How to Keep Your Garden Alive While You’re on Vacation
I still remember — quite vividly — coming home to my first garden after spending 16 days exploring the majestic, rugged Rocky Mountains.
While I was gone, cabbage loopers shredded my collard greens. A forest of weeds claimed my formerly tidy crop rows. The summer sun scorched my tender pepper seedlings. Anthracnose overtook my bush beans. And a budding zucchini — that was the size of my thumb when I left — transformed into a baseball bat.
I learned a lot from that disheartening experience. And as a result, my garden now not only survives — it thrives while I travel. (Transitioning to Tower Garden didn’t hurt, either.)
With summer steadily approaching, you may have already planned a vacation. But do your plans accommodate your garden?
If not, fear not! In this gardening guide for travelers, I’ll share six things you can do to improve your odds of coming home to happy plants.
1. Grow a garden that waters itself.
One of the most important questions to answer when making vacation plans is: How will you water your plants while you’re away?

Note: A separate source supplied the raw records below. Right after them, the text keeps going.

lemma powr_recurrence_increments:
  fixes x w :: "nat \<Rightarrow> real" and c \<rho> :: real
  assumes pos: "\<And>n. 0 < x n" and x: "x \<longlonglongrightarrow> 0" and w: "w \<longlonglongrightarrow> c"
    and c: "0 < c" and \<rho>: "1 < \<rho>"
    and rec: "\<And>n. x (Suc n) = x n - x n powr \<rho> * w n"
  shows "(\<lambda>n. x (Suc n) powr (1 - \<rho>) - x n powr (1 - \<rho>)) \<longlonglongrightarrow> c * (\<rho> - 1)"
proof -
  define p where "p = \<rho> - 1"
  define z where "z n = x n powr p * w n" for n
  (* The recurrence reads x' = x (1 - z), so x^(-p) grows by x^(-p) ((1 - z)^(-p) - 1),
     which equals w ((1 - z)^(-p) - 1) / z and tends to c p since z -> 0. *)
  have step: "x (Suc n) = x n * (1 - z n)" for n
  proof -
    have "x n powr \<rho> = x n * x n powr p"
      using powr_add[of "x n" 1 p] pos[of n] by (simp add: p_def)
    then show ?thesis
      using rec[of n] by (simp add: z_def algebra_simps)
  qed
  have z_lt_1: "z n < 1" for n
    using step[of n] pos[of n] pos[of "Suc n"] by (simp add: zero_less_mult_iff)
  have "(\<lambda>n. x n powr p) \<longlonglongrightarrow> 0"
    by (rule tendsto_zero_powrI[OF x tendsto_const]) (use pos \<rho> in \<open>simp_all add: less_imp_le p_def\<close>)
  then have "z \<longlonglongrightarrow> 0"
    unfolding z_def using tendsto_mult[OF _ w] by fastforce
  moreover have w_pos: "\<forall>\<^sub>F n in sequentially. 0 < w n"
    using order_tendstoD(1)[OF w c] .
  then have "\<forall>\<^sub>F n in sequentially. z n \<noteq> 0"
    by eventually_elim (use pos in \<open>simp add: z_def less_imp_neq[symmetric]\<close>)
  ultimately have "filterlim z (at 0) sequentially"
    by (rule filterlim_atI)
  then have "(\<lambda>n. w n * (((1 - z n) powr (- p) - 1) / z n)) \<longlonglongrightarrow> c * p"
    by (intro tendsto_mult w filterlim_compose[OF tendsto_one_minus_powr_quotient])
  moreover have "\<forall>\<^sub>F n in sequentially.
      w n * (((1 - z n) powr (- p) - 1) / z n) = x (Suc n) powr (1 - \<rho>) - x n powr (1 - \<rho>)"
    using w_pos
  proof eventually_elim
    case (elim n)
    have "w n / z n = x n powr (- p)"
      using elim pos[of n] by (simp add: z_def powr_minus_divide)
    then have "w n * (((1 - z n) powr (- p) - 1) / z n) = x n powr (- p) * ((1 - z n) powr (- p) - 1)"
      by (metis times_divide_eq_left times_divide_eq_right mult.commute)
    also have "\<dots> = x (Suc n) powr (- p) - x n powr (- p)"
      unfolding step[of n] powr_mult by (simp add: algebra_simps)
    finally show ?case
      by (simp add: p_def)
  qed
  ultimately show ?thesis
    by (simp add: p_def tendsto_cong)
qed

lemma powr_recurrence_asymptotics:
  fixes x w :: "nat \<Rightarrow> real" and c \<rho> :: real
  assumes pos: "\<And>n. 0 < x n" and x: "x \<longlonglongrightarrow> 0" and w: "w \<longlonglongrightarrow> c"
    and c: "0 < c" and \<rho>: "1 < \<rho>"
    and rec: "\<And>n. x (Suc n) = x n - x n powr \<rho> * w n"
  shows "(\<lambda>n. real n powr (1 / (\<rho> - 1)) * x n) \<longlonglongrightarrow> (c * (\<rho> - 1)) powr (- 1 / (\<rho> - 1))"
proof -
  define p where "p = \<rho> - 1"
  have "(\<lambda>n. x n powr (- p) / real n) \<longlonglongrightarrow> c * p"
    using Stolz_Cesaro_LIMSEQ[OF powr_recurrence_increments[OF assms]] by (simp add: p_def)
  then have "(\<lambda>n. (x n powr (- p) / real n) powr (- 1 / p)) \<longlonglongrightarrow> (c * p) powr (- 1 / p)"
    by (rule tendsto_powr[OF _ tendsto_const]) (use c \<rho> in \<open>simp add: p_def\<close>)
  moreover have "(x n powr (- p) / real n) powr (- 1 / p) = real n powr (1 / p) * x n" for n
  proof -
    have "- p * (- 1 / p) = 1"
      using \<rho> by (simp add: p_def field_simps)
    then have "(x n powr (- p) / real n) powr (- 1 / p) = x n powr 1 / real n powr (- 1 / p)"
      unfolding powr_divide powr_powr by simp
    then show ?thesis
      using pos[of n] by (simp add: powr_minus_divide)
  qed
  ultimately show ?thesis
    by (simp add: p_def)
qed

section \<open>Orbits of interval maps approaching a fixed endpoint\<close>

lemma orbit_tendsto_upper_endpoint:
  fixes f :: "real \<Rightarrow> real" and u :: "nat \<Rightarrow> real"
  assumes cont: "continuous_on {l<..<r} f"
    and step: "\<And>s. s \<in> {l<..<r} \<Longrightarrow> s < f s \<and> f s < r"
    and orbit: "\<And>n. u (Suc n) = f (u n)" and start: "u 0 \<in> {l<..<r}"
  shows "u n \<in> {l<..<r}" and "u \<longlonglongrightarrow> r"
proof -
  have mem: "u n \<in> {l<..<r}" for n
  proof (induction n)
    case (Suc n)
    then show ?case
      using step[OF Suc] orbit[of n] by auto
  qed (use start in simp)
  then show "u n \<in> {l<..<r}" .
  have "incseq u"
    by (rule incseq_SucI) (use mem step orbit in \<open>auto intro: less_imp_le\<close>)
  moreover have "bdd_above (range u)"
    using mem by (auto intro!: bdd_aboveI[of _ r] less_imp_le)
  ultimately obtain L where L: "u \<longlonglongrightarrow> L" and le: "\<And>n. u n \<le> L"
    using LIMSEQ_incseq_SUP incseq_le by blast
  have "L \<le> r"
    by (rule LIMSEQ_le_const2[OF L]) (use mem less_imp_le in auto)
  have "L = r"
  proof (rule ccontr)
    assume "L \<noteq> r"
    with \<open>L \<le> r\<close> have L_mem: "L \<in> {l<..<r}"
      using le[of 0] start by auto
    then have "isCont f L"
      using cont by (simp add: continuous_on_eq_continuous_at)
    then have "(\<lambda>n. u (Suc n)) \<longlonglongrightarrow> f L"
      unfolding orbit by (rule isCont_tendsto_compose[OF _ L])
    then have "f L = L"
      using LIMSEQ_Suc[OF L] LIMSEQ_unique by blast
    with step[OF L_mem] show False
      by simp
  qed
  with L show "u \<longlonglongrightarrow> r"
    by simp
qed

lemma smallo_expansion_imp_tendsto:
  fixes f :: "real \<Rightarrow> real" and c \<rho> :: real
  assumes "(\<lambda>t. 1 - f t - (1 - t) + c * (1 - t) powr \<rho>) \<in> o[at_left 1](\<lambda>t. (1 - t) powr \<rho>)"
  shows "((\<lambda>t. (f t - t) / (1 - t) powr \<rho>) \<longlongrightarrow> c) (at_left 1)"
proof -
  have "((\<lambda>t. c - (1 - f t - (1 - t) + c * (1 - t) powr \<rho>) / (1 - t) powr \<rho>) \<longlongrightarrow> c - 0) (at_left 1)"
    by (intro tendsto_diff tendsto_const smalloD_tendsto[OF assms])
  moreover have "\<forall>\<^sub>F t in at_left 1. t \<in> {0<..<1::real}"
    by (rule eventually_at_left_real) simp
  then have "\<forall>\<^sub>F t in at_left 1.
      c - (1 - f t - (1 - t) + c * (1 - t) powr \<rho>) / (1 - t) powr \<rho> = (f t - t) / (1 - t) powr \<rho>"
    by eventually_elim (simp add: field_simps)
  ultimately show ?thesis
    by (simp add: tendsto_cong)
qed

lemma orbit_rate_of_convergence:
  fixes f :: "real \<Rightarrow> real" and u :: "nat \<Rightarrow> real" and c \<rho> :: real
  assumes orbit: "\<And>n. u (Suc n) = f (u n)" and below: "\<And>n. u n < 1" and conv: "u \<longlonglongrightarrow> 1"
    and expansion: "((\<lambda>t. (f t - t) / (1 - t) powr \<rho>) \<longlongrightarrow> c) (at_left 1)"
  shows "0 \<le> c"
    and "0 < c \<Longrightarrow> 1 < \<rho> \<Longrightarrow>
      (\<lambda>n. real n powr (1 / (\<rho> - 1)) * (1 - u n)) \<longlonglongrightarrow> (c * (\<rho> - 1)) powr (- 1 / (\<rho> - 1))"
proof -
  define x where "x n = 1 - u n" for n
  define w where "w n = (f (u n) - u n) / x n powr \<rho>" for n
  have pos: "0 < x n" for n
    using below[of n] by (simp add: x_def)
  have x: "x \<longlonglongrightarrow> 0"
    unfolding x_def using tendsto_diff[OF tendsto_const[of 1] conv] by simp
  have "filterlim u (at_left 1) sequentially"
    by (rule tendsto_imp_filterlim_at_left[OF conv]) (simp add: below)
  then have w: "w \<longlonglongrightarrow> c"
    unfolding w_def x_def by (rule filterlim_compose[OF expansion])
  have rec: "x (Suc n) = x n - x n powr \<rho> * w n" for n
    using pos[of n] by (simp add: w_def x_def orbit)
  show "0 \<le> c"
    by (rule powr_recurrence_coeff_nonneg[OF pos x w rec])
  show "0 < c \<Longrightarrow> 1 < \<rho> \<Longrightarrow>
      (\<lambda>n. real n powr (1 / (\<rho> - 1)) * (1 - u n)) \<longlonglongrightarrow> (c * (\<rho> - 1)) powr (- 1 / (\<rho> - 1))"
    using powr_recurrence_asymptotics[OF pos x w _ _ rec] by (simp add: x_def)
qed

section \<open>The power series kappa\<close>

lemma abs_le_one_imp_power_le_one:
  fixes x :: real
  assumes "\<bar>x\<bar> \<le> 1"
  shows "x ^ q \<le> 1"
  using power_le_one[OF abs_ge_zero assms, of q] by (metis abs_ge_self order_trans power_abs)

lemma power_ge_tangent_at_one:
  fixes x :: real
  assumes "\<bar>x\<bar> \<le> 1"
  shows "1 + real q * (x - 1) \<le> x ^ q"
    and "2 \<le> q \<Longrightarrow> x < 1 \<Longrightarrow> 1 + real q * (x - 1) < x ^ q"
proof -
  define gap where "gap q = x ^ q - 1 - real q * (x - 1)" for q
  have "gap q \<le> gap (Suc q)" for q
  proof -
    have "0 \<le> (1 - x) * (1 - x ^ q)"
      using assms abs_le_one_imp_power_le_one[OF assms, of q] by simp
    then show ?thesis
      by (simp add: gap_def algebra_simps)
  qed
  then have mono: "gap m \<le> gap q" if "m \<le> q" for m
    using that by (rule lift_Suc_mono_le)
  show "1 + real q * (x - 1) \<le> x ^ q"
    using mono[of 0] by (simp add: gap_def)
  assume "2 \<le> q" "x < 1"
  moreover have "gap 2 = (1 - x)\<^sup>2"
    by (simp add: gap_def power2_eq_square algebra_simps)
  ultimately have "0 < gap 2"
    by simp
  with mono[OF \<open>2 \<le> q\<close>] show "1 + real q * (x - 1) < x ^ q"
    by (simp add: gap_def)
qed

lemma kappa_sums:
  assumes "(\<lambda>q. (J q)\<^sup>2 / fact q) sums 1" and "\<bar>x\<bar> \<le> 1"
  shows "(\<lambda>q. (J q)\<^sup>2 / fact q * x ^ q) sums kappa J x"
proof -
  have "norm ((J q)\<^sup>2 / fact q * x ^ q) = (J q)\<^sup>2 / fact q * \<bar>x\<bar> ^ q" for q
    by (simp add: abs_mult power_abs)
  also have "\<dots> q \<le> (J q)\<^sup>2 / fact q" for q
    using abs_le_one_imp_power_le_one[of "\<bar>x\<bar>" q] assms(2) by (intro mult_left_le) auto
  finally have "norm ((J q)\<^sup>2 / fact q * x ^ q) \<le> (J q)\<^sup>2 / fact q" for q .
  then have "summable (\<lambda>q. (J q)\<^sup>2 / fact q * x ^ q)"
    using assms(1) by (blast intro: summable_comparison_test' sums_summable)
  then show ?thesis
    unfolding kappa_def by (rule summable_sums)
qed

lemma kappa_at_one:
  assumes "(\<lambda>q. (J q)\<^sup>2 / fact q) sums 1"
  shows "kappa J 1 = 1"
  using kappa_sums[OF assms, of 1] assms by (simp add: sums_unique2)

lemma one_minus_kappa_sums:
  assumes "(\<lambda>q. (J q)\<^sup>2 / fact q) sums 1" and "\<bar>x\<bar> \<le> 1"
  shows "(\<lambda>q. (J q)\<^sup>2 / fact q * (1 - x ^ q)) sums (1 - kappa J x)"
    and "0 \<le> (J q)\<^sup>2 / fact q * (1 - x ^ q)"
proof -
  show "(\<lambda>q. (J q)\<^sup>2 / fact q * (1 - x ^ q)) sums (1 - kappa J x)"
    using sums_diff[OF assms(1) kappa_sums[OF assms]] by (simp add: right_diff_distrib)
  show "0 \<le> (J q)\<^sup>2 / fact q * (1 - x ^ q)"
    using abs_le_one_imp_power_le_one[OF assms(2)] by (intro mult_nonneg_nonneg) auto
qed

lemma kappa_le_one:
  assumes "(\<lambda>q. (J q)\<^sup>2 / fact q) sums 1" and "\<bar>x\<bar> \<le> 1"
  shows "kappa J x \<le> 1"
  using sums_le[OF _ sums_zero one_minus_kappa_sums(1)[OF assms]] one_minus_kappa_sums(2)[OF assms]
  by simp

lemma kappa_less_one:
  assumes "(\<lambda>q. (J q)\<^sup>2 / fact q) sums 1" and "\<bar>x\<bar> < 1"
    and "1 \<le> q0" "J q0 \<noteq> 0"
  shows "kappa J x < 1"
proof -
  have "\<bar>x ^ q0\<bar> < 1"
    using assms by (simp add: power_abs power_less_one_iff)
  then have "0 < (J q0)\<^sup>2 / fact q0 * (1 - x ^ q0)"
    using assms(4) by simp
  note sums = one_minus_kappa_sums[OF assms(1) less_imp_le[OF assms(2)]]
  have "0 < (\<Sum>q. (J q)\<^sup>2 / fact q * (1 - x ^ q))"
    by (rule suminf_pos2[OF sums_summable[OF sums(1)] sums(2)]) fact
  then show ?thesis
    using sums_unique[OF sums(1)] by simp
qed

lemma continuous_on_kappa:
  assumes "(\<lambda>q. (J q)\<^sup>2 / fact q) sums 1"
  shows "continuous_on {-1<..<1} (kappa J)"
proof -
  have "isCont (\<lambda>x. \<Sum>q. (J q)\<^sup>2 / fact q * x ^ q) x" if "\<bar>x\<bar> < 1" for x :: real
    using kappa_sums[OF assms, of 1] that by (intro isCont_powser[where K = 1]) (auto dest: sums_summable)
  then show ?thesis
    unfolding kappa_def[abs_def] by (intro continuous_at_imp_continuous_on) auto
qed

lemma kappa_partial_mean_le_quotient:
  assumes "(\<lambda>q. (J q)\<^sup>2 / fact q) sums 1" and "-1 \<le> t" "t < 1"
  shows "(\<Sum>q<n. (J q)\<^sup>2 / fact q * (\<Sum>i<q. t ^ i)) \<le> (1 - kappa J t) / (1 - t)"
proof -
  have "\<bar>t\<bar> \<le> 1"
    using assms by simp
  note sums = one_minus_kappa_sums[OF assms(1) this]
  have "(1 - t) * (\<Sum>q<n. (J q)\<^sup>2 / fact q * (\<Sum>i<q. t ^ i))
      = (\<Sum>q<n. (J q)\<^sup>2 / fact q * (1 - t ^ q))"
    by (simp add: sum_distrib_left one_diff_power_eq mult.left_commute)
  also have "\<dots> \<le> 1 - kappa J t"
    using sum_le_suminf[OF sums_summable[OF sums(1)] finite_lessThan] sums(2) sums_unique[OF sums(1)]
    by simp
  finally show ?thesis
    using assms(3) by (simp add: pos_le_divide_eq mult.commute)
qed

There are a number of ways you can achieve this. But most of them are a little complicated, involving timers, drip hoses, and so on. But the easiest (and my favorite) way is to grow a garden that doesn’t need to be watered in the first place.
I’m talking about Tower Garden, of course.
Since Tower Garden uses aeroponic technology to grow plants, it requires as little as 2% of the water traditional growing methods do. That means that — depending on the climate — you can typically go more than 10 days without adding water to the growing system.
And if you’ll be gone for longer, there’s this handy reservoir auto fill kit you can install.
2. Plant low-maintenance crops.
If you’re a frequent traveler, you should consider growing hardy plants — those that flourish with little attention.
Rosemary, parsley, lavender, and other herbs fall into this category of low-maintenance plants. Many greens, such as Swiss chard and kale, are relatively self-sufficient, too. (But you’ll want to pass on lettuce and other tender greens, as these will likely bolt in the summer heat.)
If watering your garden while away is a challenge (and you’re not growing with Tower Garden), you should avoid growing thirsty fruiting plants like tomatoes, squash, and cucumbers.
3. Prepare your garden before your trip.
The best way to prevent problems is to make sure there aren’t any when you leave. So if you’re growing a soil garden, that means you should water deeply for a few days and eradicate any weeds.
If you discover you have garden pests, take the appropriate steps to remedy the problem before you go. Otherwise, things may get out of hand in your absence.
4. Harvest whatever you can.
Pick all of your ripe and nearly ripe produce. (Pre-vacation feast!) This will keep your crops from reaching full maturation (thus ending their life cycles) and also help prevent disease caused by overly ripe, rotting produce.
Remember that tomatoes, strawberries, and many other fruits will continue to ripen off the vine. And be sure to harvest any zucchini, squash, or cucumbers you can find — no matter how small. (Otherwise, you’ll come home to monster produce.)
5. Consider decreasing light and nutrients.
If you want to slow your garden’s growth while you’re away — which isn’t a bad idea — avoid fertilizing before you leave (or if you’re growing with Tower Garden, use half-strength nutrients).
And if you can move your garden, relocate it to a partially-shaded area. This break from the hot sun will also reduce the amount of water your plants need.
6. Find a garden sitter.
If you’ll be away for more than a week, ask a friend or neighbor to check on your garden periodically, water plants as needed, and notify you about any problems.
Be sure to offer your helpful garden sitter a “caretaker tax” — let her know she can eat any harvest-ready produce in your absence. It’s only fair, right? (Plus, this regular harvesting will help keep your garden balanced and healthy.)
Bonus step: Enjoy your trip!
After you’ve followed the steps above, kick back, relax, and enjoy your vacation. Your garden should be in good shape when you return.
To recap, here are the six steps of vacation-proofing your garden:
- Grow a garden that waters itself (e.g., Tower Garden).
- Plant low-maintenance crops.
- Prepare your garden before your trip.
- Harvest whatever you can.
- Consider decreasing light and nutrients.
- Find a garden-sitter.
Now that you know how to keep your plants alive while you’re off exploring the world, tell me: Where do you plan to vacation this summer?